About UXD Stablecoin

UXD Stablecoin (UXD) is an algorithmic stablecoin cryptocurrency native to the Solana ecosystem. Its architecture sidesteps the capital drag of over-collateralization entirely, leaning instead on a derivatives-based hedge.

Unlike the bloated reserve models that dominate the stablecoin sector, UXD maintains its dollar parity through a non-custodial delta-neutral strategy. Users never hand custody of their principal to a middleware vault. The protocol—and only the protocol—opens a countervailing short position when new coins are minted, neutralizing directional risk without demanding a cent of surplus collateral. It’s a surgical answer to the friction that plagues MakerDAO-style vaults and centralized fiat tokens alike.

The token operates on the Solana blockchain, borrowing that network’s sub-second finality and near-zero fee profile. There is no secondary consensus mechanism to evaluate; UXD inherits settlement guarantees directly from the validator set securing Solana.

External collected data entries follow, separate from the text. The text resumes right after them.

lemma sum_bayes_post:
  assumes "T \<ge> 1" and \<alpha>: "\<And>i. i \<in> {1..T} \<Longrightarrow> 0 < \<alpha> i"
    and p_pos: "\<And>i h x. i \<in> {1..T} \<Longrightarrow> 0 < p i h x"
  shows "(\<Sum>i\<in>{1..T}. bayes_post T \<alpha> p i d) = 1"
proof -
  have "0 < lik p i d" if "i \<in> {1..T}" for i
    unfolding lik_def using p_pos[OF that] by (intro prod_pos) auto
  then have "0 < (\<Sum>i\<in>{1..T}. \<alpha> i * lik p i d)"
    using assms by (intro sum_pos) auto
  then show ?thesis
    unfolding bayes_post_def by (simp add: sum_divide_distrib[symmetric])
qed

lemma tv_dist_ge_diff:
  assumes i: "i \<in> {1..T}" and q: "(\<Sum>j\<in>{1..T}. q j) = 1" and \<pi>: "(\<Sum>j\<in>{1..T}. \<pi> j) = 1"
  shows "\<pi> i - q i \<le> tv_dist T q \<pi>"
proof -
  have "\<pi> i - q i = (\<Sum>j\<in>{1..T} - {i}. q j - \<pi> j)"
    using i q \<pi> by (simp add: sum_subtractf sum_diff1)
  also have "\<dots> \<le> (\<Sum>j\<in>{1..T} - {i}. \<bar>q j - \<pi> j\<bar>)"
    by (intro sum_mono) auto
  finally have "\<pi> i - q i \<le> (\<Sum>j\<in>{1..T} - {i}. \<bar>q j - \<pi> j\<bar>)" .
  moreover have "(\<Sum>j\<in>{1..T}. \<bar>q j - \<pi> j\<bar>) = \<bar>q i - \<pi> i\<bar> + (\<Sum>j\<in>{1..T} - {i}. \<bar>q j - \<pi> j\<bar>)"
    using i by (simp add: sum.remove)
  ultimately show ?thesis unfolding tv_dist_def by linarith
qed

lemma
  shows space_nat_filt [simp]: "space (nat_filt M X s r) = space M"
    and sets_nat_filt:
      "sets (nat_filt M X s r) = sigma_sets (space M) (\<Union>i\<in>{1..r}. {s i -` A \<inter> space M | A. A \<in> sets X})"
  unfolding nat_filt_def by (auto intro!: space_measure_of sets_measure_of)

lemma subalgebra_nat_filt:
  assumes "\<And>i. i \<in> {1..r} \<Longrightarrow> s i \<in> measurable M X"
  shows "subalgebra M (nat_filt M X s r)"
  unfolding subalgebra_def sets_nat_filt
  using assms by (auto intro!: sets.sigma_sets_subset measurable_sets)

lemma subalgebra_nat_filt_mono:
  assumes "r \<le> r'"
  shows "subalgebra (nat_filt M X s r') (nat_filt M X s r)"
  unfolding subalgebra_def sets_nat_filt
  using assms by (intro conjI refl sigma_sets_mono' UN_mono) auto

lemma sigma_finite_subalgebra_nat_filt:
  assumes "finite_measure N" and sets_N: "sets N = sets M"
    and s: "\<And>i. i \<in> {1..r} \<Longrightarrow> s i \<in> measurable M X"
  shows "sigma_finite_subalgebra N (nat_filt M X s r)"
proof (intro finite_measure_subalgebra_is_sigma_finite finite_measure_subalgebra.intro
    finite_measure_subalgebra_axioms.intro)
  show "subalgebra N (nat_filt M X s r)"
    using subalgebra_nat_filt[OF s] sets_N sets_eq_imp_space_eq[OF sets_N]
    by (simp add: subalgebra_def)
qed fact

lemma (in prob_space) expectation_ge_if_tv_dist_le:
  fixes q \<pi> :: "nat \<Rightarrow> 'a \<Rightarrow> real"
  assumes i: "i \<in> {1..T}"
    and q_sum: "\<And>x. x \<in> space M \<Longrightarrow> (\<Sum>j\<in>{1..T}. q j x) = 1"
    and q_nonneg: "\<And>j x. j \<in> {1..T} \<Longrightarrow> x \<in> space M \<Longrightarrow> 0 \<le> q j x"
    and q_meas: "random_variable borel (q i)"
    and \<pi>_sum: "\<And>x. x \<in> space M \<Longrightarrow> (\<Sum>j\<in>{1..T}. \<pi> j x) = 1"
    and \<pi>_int: "integrable M (\<pi> i)"
    and tv: "\<And>x. x \<in> space M \<Longrightarrow> tv_dist T (\<lambda>j. q j x) (\<lambda>j. \<pi> j x) \<le> \<epsilon>"
  shows "integrable M (q i)" and "expectation (\<pi> i) - \<epsilon> \<le> expectation (q i)"
proof -
  show q_int: "integrable M (q i)"
  proof (rule integrable_const_bound[where B = 1])
    have "q i x \<le> (\<Sum>j\<in>{1..T}. q j x)" if "x \<in> space M" for x
      using q_nonneg that i by (intro member_le_sum) auto
    then show "AE x in M. norm (q i x) \<le> 1"
      using q_sum q_nonneg[OF i] by (intro AE_I2) simp
  qed (fact q_meas)
  have "\<pi> i x - \<epsilon> \<le> q i x" if "x \<in> space M" for x
    using tv_dist_ge_diff[OF i q_sum[OF that] \<pi>_sum[OF that]] tv[OF that] by simp
  then have "expectation (\<lambda>x. \<pi> i x - \<epsilon>) \<le> expectation (q i)"
    using \<pi>_int q_int by (intro integral_mono) auto
  then show "expectation (\<pi> i) - \<epsilon> \<le> expectation (q i)"
    using \<pi>_int prob_space by (simp add: Bochner_Integration.integral_diff)
qed

lemma expectation_bayes_post_ge:
  fixes N :: "'w measure" and F :: "nat \<Rightarrow> 'w measure" and s :: "nat \<Rightarrow> 'w \<Rightarrow> 'x"
    and p :: "nat \<Rightarrow> 'x list \<Rightarrow> 'x \<Rightarrow> real" and \<alpha> D b \<nu> :: "nat \<Rightarrow> real" and T istar k :: nat
  defines "Dmin \<equiv> Min (D ` ({1..T} - {istar}))"
    and "C \<equiv> Min ((\<lambda>j. (D j)\<^sup>2 / (8 * ((\<nu> j)\<^sup>2 + b j * D j / 2))) ` ({1..T} - {istar}))"
  assumes N: "prob_space N"
    and F_sub: "\<And>r. r \<le> k \<Longrightarrow> sigma_finite_subalgebra N (F r)"
    and F_mono: "\<And>r r'. r \<le> r' \<Longrightarrow> subalgebra (F r') (F r)"
    and istar: "istar \<in> {1..T}"
    and \<alpha>_pos: "\<And>i. i \<in> {1..T} \<Longrightarrow> 0 < \<alpha> i" and \<alpha>_sum: "(\<Sum>i\<in>{1..T}. \<alpha> i) = 1"
    and p_pos: "\<And>i h x. i \<in> {1..T} \<Longrightarrow> 0 < p i h x"
    and D_pos: "\<And>j. j \<in> {1..T} - {istar} \<Longrightarrow> 0 < D j"
    and b_pos: "\<And>j. j \<in> {1..T} - {istar} \<Longrightarrow> 0 < b j"
    and Z_adapted: "\<And>j r. j \<in> {1..T} - {istar} \<Longrightarrow> r \<in> {1..k} \<Longrightarrow>
        llr p s istar j r \<in> borel_measurable (F r)"
    and Z_mgf_int: "\<And>j r l. j \<in> {1..T} - {istar} \<Longrightarrow> r \<in> {1..k} \<Longrightarrow> \<bar>l\<bar> \<le> 1 / b j \<Longrightarrow>
        integrable N (\<lambda>\<omega>. exp (l * (llr p s istar j r \<omega> + D j)))"
    and Z_mgf: "\<And>j r l. j \<in> {1..T} - {istar} \<Longrightarrow> r \<in> {1..k} \<Longrightarrow> \<bar>l\<bar> \<le> 1 / b j \<Longrightarrow>
        AE \<omega> in N. real_cond_exp N (F (r - 1)) (\<lambda>\<omega>. exp (l * (llr p s istar j r \<omega> + D j))) \<omega>
          \<le> exp (l\<^sup>2 * (\<nu> j)\<^sup>2 / 2)"
  shows "integrable N (\<lambda>\<omega>. bayes_post T \<alpha> p istar (data s k \<omega>))"
    and "pos_part (1 - eta (\<alpha> istar) T Dmin C k)
      \<le> prob_space.expectation N (\<lambda>\<omega>. bayes_post T \<alpha> p istar (data s k \<omega>))"
proof -
  interpret N: prob_space N by (rule N)
  define S where "S j \<omega> = (\<Sum>r\<in>{1..k}. llr p s istar j r \<omega>)" for j \<omega>
  have post_eq: "(\<lambda>\<omega>. bayes_post T \<alpha> p istar (data s k \<omega>))
      = (\<lambda>\<omega>. \<alpha> istar / (\<Sum>i\<in>{1..T}. \<alpha> i * exp (S i \<omega>)))"
    unfolding S_def by (intro ext bayes_post_data_eq[OF istar p_pos])
  have S_istar: "S istar = (\<lambda>_. 0)" by (simp add: S_def[abs_def] llr_def)
  have llr_meas: "llr p s istar j r \<in> borel_measurable N" if "j \<in> {1..T} - {istar}" "r \<in> {1..k}" for j r
    using that by (intro measurable_from_subalg[OF sigma_finite_subalgebra.subalg[OF F_sub] Z_adapted]) auto
  have S_meas: "S j \<in> borel_measurable N" if "j \<in> {1..T}" for j
  proof (cases "j = istar")
    case True
    then show ?thesis by (simp add: S_istar)
  next
    case False
    then show ?thesis unfolding S_def[abs_def] using llr_meas that by (intro borel_measurable_sum) auto
  qed
  show "integrable N (\<lambda>\<omega>. bayes_post T \<alpha> p istar (data s k \<omega>))"
    unfolding post_eq using istar \<alpha>_pos S_meas by (intro N.integrable_posterior_weight) (auto simp: S_istar)
  have tail: "N.prob {\<omega> \<in> space N. - (D j * real k / 2) < S j \<omega>} \<le> exp (- C * real k)"
    if j: "j \<in> {1..T} - {istar}" for j
  proof -
    have "N.prob {\<omega> \<in> space N. - (D j * real k / 2) < S j \<omega>}
        \<le> exp (- ((D j)\<^sup>2 / (8 * ((\<nu> j)\<^sup>2 + b j * D j / 2))) * real k)"
      unfolding S_def using N F_sub F_mono
      by (rule prob_sum_gt_le_exp_if_cond_sub_exponential)
        (use j D_pos b_pos Z_adapted llr_meas Z_mgf_int Z_mgf in auto)
    moreover have "C \<le> (D j)\<^sup>2 / (8 * ((\<nu> j)\<^sup>2 + b j * D j / 2))"
      unfolding C_def using j by (intro Min_le) auto
    ultimately show ?thesis by (smt (verit) exp_mono mult_right_mono of_nat_0_le_iff)
  qed
  have "Dmin * real k / 2 \<le> D j * real k / 2" if "j \<in> {1..T} - {istar}" for j
    using Min_le[of "D ` ({1..T} - {istar})" "D j"] that
    by (simp add: Dmin_def divide_right_mono mult_right_mono)
  then have "1 - (1 - \<alpha> istar) / \<alpha> istar * exp (- (Dmin * real k / 2))
      - (real (card {1..T}) - 1) * exp (- C * real k)
      \<le> N.expectation (\<lambda>\<omega>. bayes_post T \<alpha> p istar (data s k \<omega>))"
    unfolding post_eq using istar \<alpha>_pos \<alpha>_sum S_meas tail
    by (intro N.expectation_posterior_weight_ge) (auto simp: S_istar)
  moreover have "0 \<le> N.expectation (\<lambda>\<omega>. bayes_post T \<alpha> p istar (data s k \<omega>))"
    unfolding post_eq using \<alpha>_pos istar
    by (intro Bochner_Integration.integral_nonneg divide_nonneg_nonneg sum_nonneg mult_nonneg_nonneg)
      (auto intro: less_imp_le)
  ultimately show "pos_part (1 - eta (\<alpha> istar) T Dmin C k)
      \<le> N.expectation (\<lambda>\<omega>. bayes_post T \<alpha> p istar (data s k \<omega>))"
    by (simp add: pos_part_def eta_def)
qed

A Solana Program Library (SPL) token, UXD is tracked by the on-chain contract address 7kbnvuGBxxj8AG9qp8Scn56muWGaRaFqxg1FsRp3PaFT. The supporting smart contracts orchestrate a choreography where deposited crypto assets trigger an automatic short derivatives leg. That synthetic position—usually a perpetual futures contract—locks in the asset’s fiat-denominated value, keeping the collateralization ratio mechanically pinned to exactly 100%. No governance vote adjusts this. No keeper network floats the peg. The math enforces it.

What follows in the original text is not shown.